▸ **BRIEF**
Wherever the listing has a line with the string "auto", copy that line out.

== == ==

lemma is_section_vanishing_eq_0:
  assumes p: "is_section (int d) p" and "finite S" and "d < card S"
    and dp: "distinct_points x S" and zero: "\<forall>k\<in>S. p (x k) = 0"
  shows "p = (\<lambda>_. 0)"
proof -
  obtain c where c: "p = hpoly (int d) c" using p unfolding is_section_def by blast
  define q where "q = (\<Sum>j\<le>d. monom (c j) j)"
  have coeff_q: "coeff q j = (if j \<le> d then c j else 0)" for j
    by (simp add: q_def coeff_sum coeff_monom)
  define A where "A = {k\<in>S. snd (x k) \<noteq> 0}"
  have "A \<subseteq> S" by (auto simp: A_def)
  have "q = 0"
  proof (rule ccontr)
    assume "q \<noteq> 0"
    have "poly q (fst (x k) / snd (x k)) = 0" if "k \<in> A" for k
    proof -
      have "snd (x k) ^ d * poly q (fst (x k) / snd (x k)) = 0"
        using zero that hpoly_dehomogenize[of "x k" d c] by (simp add: A_def c q_def)
      then show ?thesis using that by (simp add: A_def)
    qed
    then have card_A: "card A \<le> degree q"
      using card_affine_roots_le_degree[OF \<open>q \<noteq> 0\<close> distinct_points_subset[OF dp \<open>A \<subseteq> S\<close>]]
      by (simp add: A_def)
    have deg_q: "degree q \<le> d" by (rule degree_le) (simp add: coeff_q)
    show False
    proof (cases "A = S")
      case True
      then show False using card_A deg_q \<open>d < card S\<close> by simp
    next
      case False
      then obtain k0 where k0: "k0 \<in> S" "snd (x k0) = 0" by (auto simp: A_def)
      \<comment> \<open>At most one point lies at infinity, and there the top coefficient must vanish.\<close>
      have "S - A \<subseteq> {k0}"
        using k0 distinct_points_at_infinity_unique[OF dp] by (auto simp: A_def)
      then have "card (S - A) \<le> 1"
        using card_mono[of "{k0}" "S - A"] by simp
      then have "card S \<le> Suc (card A)"
        using card_Diff_subset[of A S] card_mono[of S A] \<open>A \<subseteq> S\<close> \<open>finite S\<close>
          finite_subset[OF \<open>A \<subseteq> S\<close>] by linarith
      have "fst (x k0) \<noteq> 0"
        using dp k0 by (auto simp: distinct_points_def prod_eq_iff)
      moreover have "p (x k0) = c d * fst (x k0) ^ d"
        using hpoly_at_infinity[of d c "fst (x k0)"] k0(2) by (metis c prod.collapse)
      ultimately have "coeff q d = 0" using zero k0(1) by (simp add: coeff_q)
      then have "degree q \<noteq> d" using \<open>q \<noteq> 0\<close> by auto
      then show False
        using card_A deg_q \<open>card S \<le> Suc (card A)\<close> \<open>d < card S\<close> by linarith
    qed
  qed
  then have "c j = 0" if "j \<le> d" for j using coeff_q[of j] that by simp
  then show ?thesis by (auto simp: c hpoly_nat)
qed

definition lagrange :: "(nat \<Rightarrow> pt) \<Rightarrow> nat set \<Rightarrow> (nat \<Rightarrow> complex) \<Rightarrow> pt \<Rightarrow> complex" where
  "lagrange x S v z =
     (\<Sum>k\<in>S. (v k / (\<Prod>j\<in>S-{k}. det2 (x k) (x j))) * (\<Prod>j\<in>S-{k}. det2 z (x j)))"

lemma is_section_lagrange:
  assumes "finite S" "card S = Suc d"
  shows "is_section (int d) (lagrange x S v)"
proof -
  have "is_section (int d) (\<lambda>z. \<Prod>j\<in>S-{k}. det2 z (x j))" if "k \<in> S" for k
    using is_section_prod_det2[of "S - {k}" x] assms that by simp
  then show ?thesis
    unfolding lagrange_def[abs_def] using assms(1) by (intro is_section_sum is_section_cmult) auto
qed

lemma lagrange_at_node:
  assumes "finite S" "distinct_points x S" "i \<in> S"
  shows "lagrange x S v (x i) = v i"
proof -
  have "(\<Prod>j\<in>S-{k}. det2 (x i) (x j)) = 0" if "k \<in> S" "k \<noteq> i" for k
    using assms that by (intro prod_zero) (auto intro!: bexI[of _ i])
  moreover have "(\<Prod>j\<in>S-{i}. det2 (x i) (x j)) \<noteq> 0"
    using assms distinct_points_det2_neq_0 by (simp add: prod_zero_iff)
  ultimately have "lagrange x S v (x i) = (\<Sum>k\<in>S. if k = i then v i else 0)"
    unfolding lagrange_def by (intro sum.cong) auto
  then show ?thesis using assms by simp
qed

lemma lagrange_diff:
  "lagrange x S (\<lambda>i. w i - b * v i) z = lagrange x S w z - b * lagrange x S v z"
  by (simp add: lagrange_def sum_subtractf sum_distrib_left diff_divide_distrib algebra_simps)

definition interpolable :: "nat \<Rightarrow> (nat \<Rightarrow> pt) \<Rightarrow> nat set \<Rightarrow> (nat \<Rightarrow> complex) \<Rightarrow> bool" where
  "interpolable d x I v \<longleftrightarrow> (\<exists>p. is_section (int d) p \<and> (\<forall>i\<in>I. p (x i) = v i))"

lemma exists_not_interpolable:
  assumes "finite I" "Suc d < card I" "distinct_points x I"
  shows "\<exists>v. \<not> interpolable d x I v"
proof -
  obtain m where "m \<in> I" using assms(2) by fastforce
  define v where "v i = (if i = m then 1 else 0 :: complex)" for i
  have "\<not> interpolable d x I v"
  proof
    assume "interpolable d x I v"
    then obtain p where p: "is_section (int d) p" "\<forall>i\<in>I. p (x i) = v i"
      unfolding interpolable_def by blast
    have "p = (\<lambda>_. 0)"
    proof (rule is_section_vanishing_eq_0[OF p(1)])
      show "finite (I - {m})" "d < card (I - {m})" "distinct_points x (I - {m})"
        using assms \<open>m \<in> I\<close> distinct_points_subset by auto
      show "\<forall>k\<in>I - {m}. p (x k) = 0" using p(2) by (simp add: v_def)
    qed
    moreover have "p (x m) = 1" using p(2) \<open>m \<in> I\<close> by (simp add: v_def)
    ultimately show False by simp
  qed
  then show ?thesis by blast
qed

lemma not_interpolable_proportional:
  assumes "finite I" "card I = Suc (Suc d)" "distinct_points x I"
    and "\<not> interpolable d x I v" "\<not> interpolable d x I w"
  shows "\<exists>b. b \<noteq> 0 \<and> interpolable d x I (\<lambda>i. w i - b * v i)"
proof -
  obtain m where m: "m \<in> I" using assms(2) by fastforce
  define S where "S = I - {m}"
  have S: "finite S" "card S = Suc d" "distinct_points x S"
    using assms m distinct_points_subset by (auto simp: S_def)
  \<comment> \<open>The interpolable value vectors form the kernel of the linear functional \<open>r\<close>.\<close>
  define r where "r u = u m - lagrange x S u (x m)" for u
  have interpolable_if_r: "interpolable d x I u" if r_u: "r u = 0" for u
  proof -
    have "\<forall>i\<in>I. lagrange x S u (x i) = u i"
    proof
      fix i assume "i \<in> I"
      then show "lagrange x S u (x i) = u i"
        using r_u lagrange_at_node[OF S(1,3), of i u] by (cases "i = m") (auto simp: r_def S_def)
    qed
    then show ?thesis using is_section_lagrange[OF S(1,2)] unfolding interpolable_def by blast
  qed
  then have "r v \<noteq> 0" "r w \<noteq> 0" using assms(4,5) by blast+
  define b where "b = r w / r v"
  have "r (\<lambda>i. w i - b * v i) = r w - b * r v" by (simp add: r_def lagrange_diff algebra_simps)
  also have "\<dots> = 0" using \<open>r v \<noteq> 0\<close> by (simp add: b_def)
  finally show ?thesis
    using interpolable_if_r \<open>r v \<noteq> 0\<close> \<open>r w \<noteq> 0\<close> by (intro exI[of _ b]) (simp add: b_def)
qed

== == ==

▸ **COMPLETED EXERCISE**
  have "A \<subseteq> S" by (auto simp: A_def)
      then obtain k0 where k0: "k0 \<in> S" "snd (x k0) = 0" by (auto simp: A_def)
        using k0 distinct_points_at_infinity_unique[OF dp] by (auto simp: A_def)
        using dp k0 by (auto simp: distinct_points_def prod_eq_iff)
      then have "degree q \<noteq> d" using \<open>q \<noteq> 0\<close> by auto
  then show ?thesis by (auto simp: c hpoly_nat)
    unfolding lagrange_def[abs_def] using assms(1) by (intro is_section_sum is_section_cmult) auto
    using assms that by (intro prod_zero) (auto intro!: bexI[of _ i])
    unfolding lagrange_def by (intro sum.cong) auto
        using assms \<open>m \<in> I\<close> distinct_points_subset by auto
    using assms m distinct_points_subset by (auto simp: S_def)
        using r_u lagrange_at_node[OF S(1,3), of i u] by (cases "i = m") (auto simp: r_def S_def)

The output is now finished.